WORK TO COMPLETE:
In which lines of the data does the string "elim" appear? Copy every one.

------ THE DATA ------

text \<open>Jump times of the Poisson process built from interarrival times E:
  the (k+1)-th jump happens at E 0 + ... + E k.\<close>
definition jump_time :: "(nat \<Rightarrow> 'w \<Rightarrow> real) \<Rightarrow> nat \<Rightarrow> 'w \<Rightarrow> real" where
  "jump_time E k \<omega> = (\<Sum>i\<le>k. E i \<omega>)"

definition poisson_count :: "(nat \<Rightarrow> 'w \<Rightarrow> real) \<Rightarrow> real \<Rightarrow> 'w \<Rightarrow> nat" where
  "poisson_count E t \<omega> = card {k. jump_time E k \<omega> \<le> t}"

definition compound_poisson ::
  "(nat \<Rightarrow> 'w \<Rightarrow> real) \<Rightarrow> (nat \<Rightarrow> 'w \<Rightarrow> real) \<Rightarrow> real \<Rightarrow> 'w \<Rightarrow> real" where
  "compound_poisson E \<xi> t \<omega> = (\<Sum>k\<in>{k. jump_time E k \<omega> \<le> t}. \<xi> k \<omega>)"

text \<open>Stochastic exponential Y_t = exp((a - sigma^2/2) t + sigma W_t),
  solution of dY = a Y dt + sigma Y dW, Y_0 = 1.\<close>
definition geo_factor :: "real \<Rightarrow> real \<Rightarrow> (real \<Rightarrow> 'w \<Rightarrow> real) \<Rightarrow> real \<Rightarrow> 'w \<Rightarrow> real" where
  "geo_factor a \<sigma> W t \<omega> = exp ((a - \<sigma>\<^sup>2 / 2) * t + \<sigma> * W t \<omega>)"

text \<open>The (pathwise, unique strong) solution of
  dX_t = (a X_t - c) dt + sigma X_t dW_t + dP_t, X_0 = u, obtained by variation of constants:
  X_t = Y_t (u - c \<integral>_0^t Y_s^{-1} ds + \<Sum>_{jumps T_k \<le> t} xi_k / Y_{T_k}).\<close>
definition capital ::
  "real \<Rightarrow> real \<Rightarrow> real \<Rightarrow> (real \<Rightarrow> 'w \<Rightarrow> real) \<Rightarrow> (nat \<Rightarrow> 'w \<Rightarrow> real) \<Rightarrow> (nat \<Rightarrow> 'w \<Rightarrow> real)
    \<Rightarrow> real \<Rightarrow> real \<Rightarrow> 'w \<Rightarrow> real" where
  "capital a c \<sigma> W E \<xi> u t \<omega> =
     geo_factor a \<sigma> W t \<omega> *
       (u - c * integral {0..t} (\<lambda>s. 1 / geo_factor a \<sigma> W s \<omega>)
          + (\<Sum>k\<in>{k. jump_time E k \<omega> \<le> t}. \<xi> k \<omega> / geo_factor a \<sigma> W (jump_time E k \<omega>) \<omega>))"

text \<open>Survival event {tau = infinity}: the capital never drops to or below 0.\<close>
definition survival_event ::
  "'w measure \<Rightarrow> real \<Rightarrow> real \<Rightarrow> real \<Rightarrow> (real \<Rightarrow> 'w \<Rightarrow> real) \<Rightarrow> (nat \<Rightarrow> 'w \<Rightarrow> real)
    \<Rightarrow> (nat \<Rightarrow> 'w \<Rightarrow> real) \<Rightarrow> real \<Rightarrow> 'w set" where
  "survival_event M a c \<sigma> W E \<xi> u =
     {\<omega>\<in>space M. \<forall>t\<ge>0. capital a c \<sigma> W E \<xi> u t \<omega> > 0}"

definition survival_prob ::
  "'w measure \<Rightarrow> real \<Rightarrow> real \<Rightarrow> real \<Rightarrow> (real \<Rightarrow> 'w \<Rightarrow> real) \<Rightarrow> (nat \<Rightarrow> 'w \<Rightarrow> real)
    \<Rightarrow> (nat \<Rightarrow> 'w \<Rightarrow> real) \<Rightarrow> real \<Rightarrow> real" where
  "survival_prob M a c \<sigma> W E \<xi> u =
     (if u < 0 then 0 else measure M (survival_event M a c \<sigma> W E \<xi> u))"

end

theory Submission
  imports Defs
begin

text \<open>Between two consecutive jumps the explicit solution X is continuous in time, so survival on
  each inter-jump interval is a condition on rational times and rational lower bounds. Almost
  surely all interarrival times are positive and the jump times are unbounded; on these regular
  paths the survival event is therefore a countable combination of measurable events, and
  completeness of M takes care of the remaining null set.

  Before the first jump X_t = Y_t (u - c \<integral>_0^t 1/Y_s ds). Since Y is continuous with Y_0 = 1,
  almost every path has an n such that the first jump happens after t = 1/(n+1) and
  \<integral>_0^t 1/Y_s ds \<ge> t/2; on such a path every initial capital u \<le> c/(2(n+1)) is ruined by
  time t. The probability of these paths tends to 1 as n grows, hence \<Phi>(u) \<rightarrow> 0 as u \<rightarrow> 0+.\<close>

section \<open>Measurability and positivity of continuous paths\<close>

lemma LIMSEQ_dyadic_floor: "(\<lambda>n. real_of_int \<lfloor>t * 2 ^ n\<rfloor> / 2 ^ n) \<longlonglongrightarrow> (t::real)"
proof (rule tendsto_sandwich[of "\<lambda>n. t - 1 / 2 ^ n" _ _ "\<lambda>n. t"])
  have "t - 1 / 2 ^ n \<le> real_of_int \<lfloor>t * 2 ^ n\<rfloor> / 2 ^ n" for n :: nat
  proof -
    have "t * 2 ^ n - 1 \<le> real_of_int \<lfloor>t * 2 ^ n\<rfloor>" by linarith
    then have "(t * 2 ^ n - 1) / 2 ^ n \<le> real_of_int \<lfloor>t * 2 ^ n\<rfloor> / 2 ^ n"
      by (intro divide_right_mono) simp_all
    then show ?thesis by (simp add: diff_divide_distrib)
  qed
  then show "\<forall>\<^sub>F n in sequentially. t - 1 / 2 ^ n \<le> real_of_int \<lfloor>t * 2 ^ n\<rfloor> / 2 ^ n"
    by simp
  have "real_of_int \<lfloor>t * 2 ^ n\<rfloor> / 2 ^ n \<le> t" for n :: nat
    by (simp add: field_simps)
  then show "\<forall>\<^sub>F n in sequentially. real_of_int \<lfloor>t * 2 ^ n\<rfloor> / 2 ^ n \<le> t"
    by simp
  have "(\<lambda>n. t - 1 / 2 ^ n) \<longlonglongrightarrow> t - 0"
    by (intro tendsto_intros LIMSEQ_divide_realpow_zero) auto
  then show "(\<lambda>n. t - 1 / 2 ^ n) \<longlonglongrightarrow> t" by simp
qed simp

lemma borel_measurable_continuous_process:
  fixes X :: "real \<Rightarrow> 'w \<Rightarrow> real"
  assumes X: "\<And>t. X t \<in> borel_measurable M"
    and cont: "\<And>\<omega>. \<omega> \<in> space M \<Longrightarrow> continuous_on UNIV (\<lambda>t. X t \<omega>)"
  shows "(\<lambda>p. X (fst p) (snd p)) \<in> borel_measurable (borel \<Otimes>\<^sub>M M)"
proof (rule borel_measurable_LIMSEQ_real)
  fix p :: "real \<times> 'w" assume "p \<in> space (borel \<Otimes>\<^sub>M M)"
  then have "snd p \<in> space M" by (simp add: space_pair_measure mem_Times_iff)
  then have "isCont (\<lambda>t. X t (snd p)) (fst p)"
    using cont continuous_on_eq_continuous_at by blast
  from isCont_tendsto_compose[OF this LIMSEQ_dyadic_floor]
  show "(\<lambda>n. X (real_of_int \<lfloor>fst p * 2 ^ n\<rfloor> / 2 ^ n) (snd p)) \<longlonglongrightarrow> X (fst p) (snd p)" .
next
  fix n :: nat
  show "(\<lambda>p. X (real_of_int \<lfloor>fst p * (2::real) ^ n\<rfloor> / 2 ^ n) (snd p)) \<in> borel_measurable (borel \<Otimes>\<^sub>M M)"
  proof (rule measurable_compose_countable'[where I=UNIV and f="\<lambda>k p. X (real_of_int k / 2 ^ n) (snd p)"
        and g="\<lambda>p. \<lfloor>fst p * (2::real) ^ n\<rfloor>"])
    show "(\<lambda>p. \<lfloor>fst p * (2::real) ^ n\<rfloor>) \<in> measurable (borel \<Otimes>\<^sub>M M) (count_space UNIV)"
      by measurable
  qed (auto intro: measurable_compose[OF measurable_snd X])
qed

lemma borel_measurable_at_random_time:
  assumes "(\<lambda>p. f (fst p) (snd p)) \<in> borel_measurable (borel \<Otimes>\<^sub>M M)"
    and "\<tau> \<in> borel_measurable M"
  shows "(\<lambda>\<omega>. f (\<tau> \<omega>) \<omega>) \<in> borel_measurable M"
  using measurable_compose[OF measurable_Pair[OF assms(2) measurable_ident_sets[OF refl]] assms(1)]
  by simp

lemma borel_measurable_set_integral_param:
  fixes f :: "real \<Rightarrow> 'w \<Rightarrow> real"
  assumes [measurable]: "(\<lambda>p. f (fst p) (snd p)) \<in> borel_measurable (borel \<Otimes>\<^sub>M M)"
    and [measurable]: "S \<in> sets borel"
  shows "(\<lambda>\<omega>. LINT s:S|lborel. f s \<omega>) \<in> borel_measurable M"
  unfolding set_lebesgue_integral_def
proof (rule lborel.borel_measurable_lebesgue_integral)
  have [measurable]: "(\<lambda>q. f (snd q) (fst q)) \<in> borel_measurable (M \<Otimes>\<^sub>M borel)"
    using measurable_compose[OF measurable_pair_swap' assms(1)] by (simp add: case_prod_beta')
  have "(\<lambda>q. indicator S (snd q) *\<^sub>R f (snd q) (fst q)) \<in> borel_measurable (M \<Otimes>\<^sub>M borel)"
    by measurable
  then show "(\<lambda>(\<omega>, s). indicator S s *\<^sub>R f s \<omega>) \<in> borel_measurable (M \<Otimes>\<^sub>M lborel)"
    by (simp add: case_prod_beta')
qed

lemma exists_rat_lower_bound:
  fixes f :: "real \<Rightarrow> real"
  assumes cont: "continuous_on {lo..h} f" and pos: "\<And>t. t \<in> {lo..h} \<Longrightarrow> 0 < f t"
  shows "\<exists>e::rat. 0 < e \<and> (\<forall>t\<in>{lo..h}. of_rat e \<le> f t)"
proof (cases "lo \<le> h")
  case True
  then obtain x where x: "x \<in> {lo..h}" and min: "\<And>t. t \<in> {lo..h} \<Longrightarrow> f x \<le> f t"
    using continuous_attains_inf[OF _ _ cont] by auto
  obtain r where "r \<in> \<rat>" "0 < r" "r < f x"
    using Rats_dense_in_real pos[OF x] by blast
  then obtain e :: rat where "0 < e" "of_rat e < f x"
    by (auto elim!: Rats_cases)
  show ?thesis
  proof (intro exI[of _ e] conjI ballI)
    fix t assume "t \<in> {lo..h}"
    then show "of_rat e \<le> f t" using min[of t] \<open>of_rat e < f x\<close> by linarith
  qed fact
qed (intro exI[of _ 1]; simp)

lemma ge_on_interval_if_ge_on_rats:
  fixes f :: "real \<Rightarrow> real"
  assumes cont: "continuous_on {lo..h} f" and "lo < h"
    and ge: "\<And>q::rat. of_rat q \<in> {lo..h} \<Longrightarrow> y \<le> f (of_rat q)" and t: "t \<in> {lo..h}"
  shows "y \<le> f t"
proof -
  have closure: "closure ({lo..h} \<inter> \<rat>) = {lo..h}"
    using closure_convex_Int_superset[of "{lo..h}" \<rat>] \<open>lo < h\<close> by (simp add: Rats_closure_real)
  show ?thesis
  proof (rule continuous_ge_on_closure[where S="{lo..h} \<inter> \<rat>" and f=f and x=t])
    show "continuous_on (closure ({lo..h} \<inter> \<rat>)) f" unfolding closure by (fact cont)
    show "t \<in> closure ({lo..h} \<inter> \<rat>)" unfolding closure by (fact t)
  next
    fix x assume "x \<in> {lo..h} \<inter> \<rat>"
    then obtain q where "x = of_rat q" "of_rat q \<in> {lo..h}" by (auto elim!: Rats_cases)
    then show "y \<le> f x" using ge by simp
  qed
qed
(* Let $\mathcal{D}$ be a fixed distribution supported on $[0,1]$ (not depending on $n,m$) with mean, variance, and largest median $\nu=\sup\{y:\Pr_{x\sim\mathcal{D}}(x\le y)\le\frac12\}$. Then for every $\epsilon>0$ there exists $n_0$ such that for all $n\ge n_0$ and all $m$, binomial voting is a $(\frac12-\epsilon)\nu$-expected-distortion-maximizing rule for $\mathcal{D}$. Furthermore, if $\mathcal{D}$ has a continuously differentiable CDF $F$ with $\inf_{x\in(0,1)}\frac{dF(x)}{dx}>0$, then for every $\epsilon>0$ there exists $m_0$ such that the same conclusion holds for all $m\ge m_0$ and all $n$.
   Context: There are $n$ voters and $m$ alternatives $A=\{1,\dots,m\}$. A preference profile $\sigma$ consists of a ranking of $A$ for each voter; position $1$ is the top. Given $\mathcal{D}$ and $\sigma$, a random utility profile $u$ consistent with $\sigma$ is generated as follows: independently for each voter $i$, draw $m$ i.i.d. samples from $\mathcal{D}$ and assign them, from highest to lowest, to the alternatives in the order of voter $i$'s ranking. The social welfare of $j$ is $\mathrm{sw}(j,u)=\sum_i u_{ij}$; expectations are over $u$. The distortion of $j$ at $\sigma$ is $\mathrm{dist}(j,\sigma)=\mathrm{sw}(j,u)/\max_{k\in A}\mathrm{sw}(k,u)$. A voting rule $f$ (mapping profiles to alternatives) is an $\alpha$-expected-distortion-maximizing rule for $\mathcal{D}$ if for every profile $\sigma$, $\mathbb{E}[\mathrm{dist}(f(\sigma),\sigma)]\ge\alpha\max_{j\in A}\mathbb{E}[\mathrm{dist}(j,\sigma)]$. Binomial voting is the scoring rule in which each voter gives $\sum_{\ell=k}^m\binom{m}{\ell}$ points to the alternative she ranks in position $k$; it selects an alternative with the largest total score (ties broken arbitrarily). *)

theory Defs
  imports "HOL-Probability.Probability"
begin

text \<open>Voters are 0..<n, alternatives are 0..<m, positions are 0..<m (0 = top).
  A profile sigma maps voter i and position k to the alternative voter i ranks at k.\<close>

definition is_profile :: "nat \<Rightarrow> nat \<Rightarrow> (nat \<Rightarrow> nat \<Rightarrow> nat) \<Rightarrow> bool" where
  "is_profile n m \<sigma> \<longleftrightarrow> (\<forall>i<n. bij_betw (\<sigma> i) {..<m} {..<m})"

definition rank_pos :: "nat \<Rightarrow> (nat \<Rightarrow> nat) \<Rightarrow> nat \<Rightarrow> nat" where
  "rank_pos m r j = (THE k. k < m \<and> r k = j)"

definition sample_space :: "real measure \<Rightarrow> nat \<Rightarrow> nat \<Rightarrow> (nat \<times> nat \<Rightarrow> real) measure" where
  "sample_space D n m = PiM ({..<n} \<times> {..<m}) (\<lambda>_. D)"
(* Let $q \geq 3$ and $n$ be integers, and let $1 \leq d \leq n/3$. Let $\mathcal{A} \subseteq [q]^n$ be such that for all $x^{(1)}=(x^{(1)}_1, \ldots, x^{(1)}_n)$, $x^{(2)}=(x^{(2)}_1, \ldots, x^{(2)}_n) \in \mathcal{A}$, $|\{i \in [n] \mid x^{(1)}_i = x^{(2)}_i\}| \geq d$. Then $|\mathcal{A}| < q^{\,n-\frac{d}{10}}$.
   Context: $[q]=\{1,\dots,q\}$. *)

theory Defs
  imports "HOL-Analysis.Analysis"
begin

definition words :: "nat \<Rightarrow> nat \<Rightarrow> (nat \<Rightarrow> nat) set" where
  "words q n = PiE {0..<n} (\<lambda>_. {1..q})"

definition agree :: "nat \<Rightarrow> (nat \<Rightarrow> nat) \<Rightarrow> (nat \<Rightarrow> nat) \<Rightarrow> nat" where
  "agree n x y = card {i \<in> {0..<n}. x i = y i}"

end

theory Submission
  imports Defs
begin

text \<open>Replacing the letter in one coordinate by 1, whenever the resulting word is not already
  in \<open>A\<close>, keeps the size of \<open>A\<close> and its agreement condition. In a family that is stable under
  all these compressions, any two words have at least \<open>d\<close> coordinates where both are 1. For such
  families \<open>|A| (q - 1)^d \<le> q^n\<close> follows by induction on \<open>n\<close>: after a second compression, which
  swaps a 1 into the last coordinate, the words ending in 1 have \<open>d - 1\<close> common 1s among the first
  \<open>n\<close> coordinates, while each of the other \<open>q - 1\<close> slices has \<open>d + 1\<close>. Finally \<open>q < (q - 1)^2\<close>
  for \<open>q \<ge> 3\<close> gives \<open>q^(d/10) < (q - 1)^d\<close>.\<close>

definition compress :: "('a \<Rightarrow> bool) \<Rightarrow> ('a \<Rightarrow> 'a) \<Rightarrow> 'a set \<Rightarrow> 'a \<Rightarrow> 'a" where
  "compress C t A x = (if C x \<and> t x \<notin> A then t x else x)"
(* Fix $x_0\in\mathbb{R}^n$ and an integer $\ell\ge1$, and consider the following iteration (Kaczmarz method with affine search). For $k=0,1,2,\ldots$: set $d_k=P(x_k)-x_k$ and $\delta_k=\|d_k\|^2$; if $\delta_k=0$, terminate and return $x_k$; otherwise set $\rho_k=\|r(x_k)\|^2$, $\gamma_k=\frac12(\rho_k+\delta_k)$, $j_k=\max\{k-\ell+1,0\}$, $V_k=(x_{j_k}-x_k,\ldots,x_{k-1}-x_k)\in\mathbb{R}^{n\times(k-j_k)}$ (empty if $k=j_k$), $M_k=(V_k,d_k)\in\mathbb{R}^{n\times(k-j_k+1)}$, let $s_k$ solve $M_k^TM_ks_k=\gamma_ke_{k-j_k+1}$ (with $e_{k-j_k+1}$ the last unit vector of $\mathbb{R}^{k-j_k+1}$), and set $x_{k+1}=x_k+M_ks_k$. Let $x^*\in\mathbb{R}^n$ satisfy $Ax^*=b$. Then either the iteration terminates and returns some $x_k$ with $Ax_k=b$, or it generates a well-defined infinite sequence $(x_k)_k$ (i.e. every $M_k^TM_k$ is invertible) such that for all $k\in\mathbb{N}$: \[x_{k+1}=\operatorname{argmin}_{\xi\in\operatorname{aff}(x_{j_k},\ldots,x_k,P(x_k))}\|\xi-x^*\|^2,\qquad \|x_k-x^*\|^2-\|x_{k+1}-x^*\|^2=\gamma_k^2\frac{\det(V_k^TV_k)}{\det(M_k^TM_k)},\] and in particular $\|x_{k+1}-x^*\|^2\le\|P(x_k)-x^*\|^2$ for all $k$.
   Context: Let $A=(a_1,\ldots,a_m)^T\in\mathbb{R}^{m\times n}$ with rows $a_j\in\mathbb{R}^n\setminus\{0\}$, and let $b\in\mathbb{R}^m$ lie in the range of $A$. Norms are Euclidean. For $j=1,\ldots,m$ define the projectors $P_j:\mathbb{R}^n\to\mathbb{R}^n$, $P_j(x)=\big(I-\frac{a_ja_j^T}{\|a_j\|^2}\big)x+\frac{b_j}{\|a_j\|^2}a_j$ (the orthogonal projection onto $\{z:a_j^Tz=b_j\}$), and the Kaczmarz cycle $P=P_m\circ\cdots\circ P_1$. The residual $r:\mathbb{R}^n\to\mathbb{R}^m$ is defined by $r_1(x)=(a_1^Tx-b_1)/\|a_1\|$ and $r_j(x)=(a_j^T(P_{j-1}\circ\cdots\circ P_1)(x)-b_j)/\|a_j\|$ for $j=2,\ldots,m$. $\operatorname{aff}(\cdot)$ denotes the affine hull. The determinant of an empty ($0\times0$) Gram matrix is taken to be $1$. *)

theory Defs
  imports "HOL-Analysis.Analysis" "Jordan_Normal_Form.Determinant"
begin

------

EXERCISE RESPONSE:
    by (auto elim!: Rats_cases)
    then obtain q where "x = of_rat q" "of_rat q \<in> {lo..h}" by (auto elim!: Rats_cases)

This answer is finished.